(Collected data)
================================
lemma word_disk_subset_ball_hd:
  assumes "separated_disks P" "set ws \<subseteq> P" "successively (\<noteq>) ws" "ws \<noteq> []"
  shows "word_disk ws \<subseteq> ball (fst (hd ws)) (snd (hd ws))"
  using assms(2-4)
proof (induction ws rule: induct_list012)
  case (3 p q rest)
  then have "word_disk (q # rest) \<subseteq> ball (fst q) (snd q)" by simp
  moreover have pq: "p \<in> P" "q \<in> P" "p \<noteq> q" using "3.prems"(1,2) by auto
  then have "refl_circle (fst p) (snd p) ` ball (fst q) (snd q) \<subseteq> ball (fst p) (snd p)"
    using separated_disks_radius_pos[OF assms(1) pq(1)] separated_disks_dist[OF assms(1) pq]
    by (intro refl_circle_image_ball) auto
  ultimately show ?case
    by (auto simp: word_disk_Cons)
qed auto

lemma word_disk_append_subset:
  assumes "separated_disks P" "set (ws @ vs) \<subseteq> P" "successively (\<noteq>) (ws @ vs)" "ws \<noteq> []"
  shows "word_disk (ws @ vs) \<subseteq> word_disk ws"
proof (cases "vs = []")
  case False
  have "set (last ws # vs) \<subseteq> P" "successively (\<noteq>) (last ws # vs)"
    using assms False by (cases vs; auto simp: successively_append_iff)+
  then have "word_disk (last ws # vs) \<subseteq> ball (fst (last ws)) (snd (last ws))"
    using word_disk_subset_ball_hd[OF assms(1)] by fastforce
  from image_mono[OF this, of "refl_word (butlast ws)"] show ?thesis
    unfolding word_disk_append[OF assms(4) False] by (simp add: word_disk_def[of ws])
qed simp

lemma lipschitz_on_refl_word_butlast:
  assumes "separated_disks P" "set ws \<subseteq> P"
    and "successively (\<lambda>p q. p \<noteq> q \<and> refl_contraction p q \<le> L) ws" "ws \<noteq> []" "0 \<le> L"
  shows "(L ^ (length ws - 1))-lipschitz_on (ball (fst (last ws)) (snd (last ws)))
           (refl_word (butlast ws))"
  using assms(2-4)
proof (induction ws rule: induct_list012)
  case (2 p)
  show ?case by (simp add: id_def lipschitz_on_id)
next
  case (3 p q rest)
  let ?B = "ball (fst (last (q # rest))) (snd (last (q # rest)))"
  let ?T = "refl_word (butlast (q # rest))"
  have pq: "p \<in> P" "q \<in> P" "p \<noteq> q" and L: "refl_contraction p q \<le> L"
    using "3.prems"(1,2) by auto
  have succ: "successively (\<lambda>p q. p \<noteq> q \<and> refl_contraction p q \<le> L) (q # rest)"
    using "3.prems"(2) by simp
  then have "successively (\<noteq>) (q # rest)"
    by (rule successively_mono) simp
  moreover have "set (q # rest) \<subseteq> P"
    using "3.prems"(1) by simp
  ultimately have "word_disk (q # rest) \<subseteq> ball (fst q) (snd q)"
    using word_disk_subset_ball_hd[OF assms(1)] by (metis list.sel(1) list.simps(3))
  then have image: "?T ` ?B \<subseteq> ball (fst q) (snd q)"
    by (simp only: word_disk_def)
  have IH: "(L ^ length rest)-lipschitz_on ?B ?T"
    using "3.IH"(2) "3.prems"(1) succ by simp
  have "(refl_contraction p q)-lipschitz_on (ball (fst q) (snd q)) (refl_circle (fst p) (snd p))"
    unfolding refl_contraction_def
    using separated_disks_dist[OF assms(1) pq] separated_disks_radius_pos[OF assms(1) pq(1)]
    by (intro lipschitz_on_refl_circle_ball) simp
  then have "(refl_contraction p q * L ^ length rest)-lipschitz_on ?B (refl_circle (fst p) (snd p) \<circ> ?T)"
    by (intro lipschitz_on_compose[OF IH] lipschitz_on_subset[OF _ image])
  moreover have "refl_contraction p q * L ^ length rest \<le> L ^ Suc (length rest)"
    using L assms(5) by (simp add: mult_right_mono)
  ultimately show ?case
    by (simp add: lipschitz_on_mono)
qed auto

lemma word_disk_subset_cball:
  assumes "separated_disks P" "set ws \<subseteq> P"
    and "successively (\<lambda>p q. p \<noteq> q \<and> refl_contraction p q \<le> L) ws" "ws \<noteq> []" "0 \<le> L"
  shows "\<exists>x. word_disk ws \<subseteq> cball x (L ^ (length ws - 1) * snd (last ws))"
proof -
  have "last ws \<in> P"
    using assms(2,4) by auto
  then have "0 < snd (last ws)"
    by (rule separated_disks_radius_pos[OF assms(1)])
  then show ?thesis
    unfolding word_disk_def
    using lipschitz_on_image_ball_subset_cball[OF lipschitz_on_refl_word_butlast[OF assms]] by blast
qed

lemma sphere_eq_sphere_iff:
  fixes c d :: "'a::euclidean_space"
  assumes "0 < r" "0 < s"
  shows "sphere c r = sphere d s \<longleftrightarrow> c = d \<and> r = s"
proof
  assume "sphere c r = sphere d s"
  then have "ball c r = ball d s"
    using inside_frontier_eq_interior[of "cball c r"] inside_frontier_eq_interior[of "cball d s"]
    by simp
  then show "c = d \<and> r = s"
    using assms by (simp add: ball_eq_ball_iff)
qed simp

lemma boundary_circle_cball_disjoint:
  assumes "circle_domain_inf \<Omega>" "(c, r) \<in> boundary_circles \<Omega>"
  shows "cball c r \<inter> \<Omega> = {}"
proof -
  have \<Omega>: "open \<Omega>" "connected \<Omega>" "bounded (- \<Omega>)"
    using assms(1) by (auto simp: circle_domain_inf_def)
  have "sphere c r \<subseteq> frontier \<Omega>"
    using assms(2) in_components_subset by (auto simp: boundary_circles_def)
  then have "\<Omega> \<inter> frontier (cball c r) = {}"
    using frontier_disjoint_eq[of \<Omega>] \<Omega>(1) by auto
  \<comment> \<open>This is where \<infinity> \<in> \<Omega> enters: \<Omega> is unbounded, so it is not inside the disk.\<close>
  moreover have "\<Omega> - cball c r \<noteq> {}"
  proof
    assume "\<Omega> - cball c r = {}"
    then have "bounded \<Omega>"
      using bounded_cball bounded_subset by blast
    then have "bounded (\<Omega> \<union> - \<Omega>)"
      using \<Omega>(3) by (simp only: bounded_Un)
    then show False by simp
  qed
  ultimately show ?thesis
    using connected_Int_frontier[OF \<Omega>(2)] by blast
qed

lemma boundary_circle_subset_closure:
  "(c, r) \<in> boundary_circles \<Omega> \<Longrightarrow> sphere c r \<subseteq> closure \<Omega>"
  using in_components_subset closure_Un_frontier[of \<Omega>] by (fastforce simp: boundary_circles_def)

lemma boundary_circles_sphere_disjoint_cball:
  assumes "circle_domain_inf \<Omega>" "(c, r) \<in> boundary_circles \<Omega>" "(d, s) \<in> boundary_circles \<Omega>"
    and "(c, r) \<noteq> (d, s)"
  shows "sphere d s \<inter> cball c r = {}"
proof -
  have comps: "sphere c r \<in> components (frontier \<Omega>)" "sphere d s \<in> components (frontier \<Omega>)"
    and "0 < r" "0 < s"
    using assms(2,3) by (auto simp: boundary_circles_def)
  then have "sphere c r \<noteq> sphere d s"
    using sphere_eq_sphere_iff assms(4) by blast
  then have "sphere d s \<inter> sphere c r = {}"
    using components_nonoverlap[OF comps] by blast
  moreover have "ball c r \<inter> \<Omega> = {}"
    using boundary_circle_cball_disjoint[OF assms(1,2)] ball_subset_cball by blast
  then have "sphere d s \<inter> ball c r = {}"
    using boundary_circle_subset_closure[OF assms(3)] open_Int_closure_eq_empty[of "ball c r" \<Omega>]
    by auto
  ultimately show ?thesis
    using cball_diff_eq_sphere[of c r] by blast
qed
================================
### WHAT YOU SHOULD DO:
The task calls for all lines in the entries that hold "fastforce".

### WRITTEN ANSWER:
    using word_disk_subset_ball_hd[OF assms(1)] by fastforce
  using in_components_subset closure_Un_frontier[of \<Omega>] by (fastforce simp: boundary_circles_def)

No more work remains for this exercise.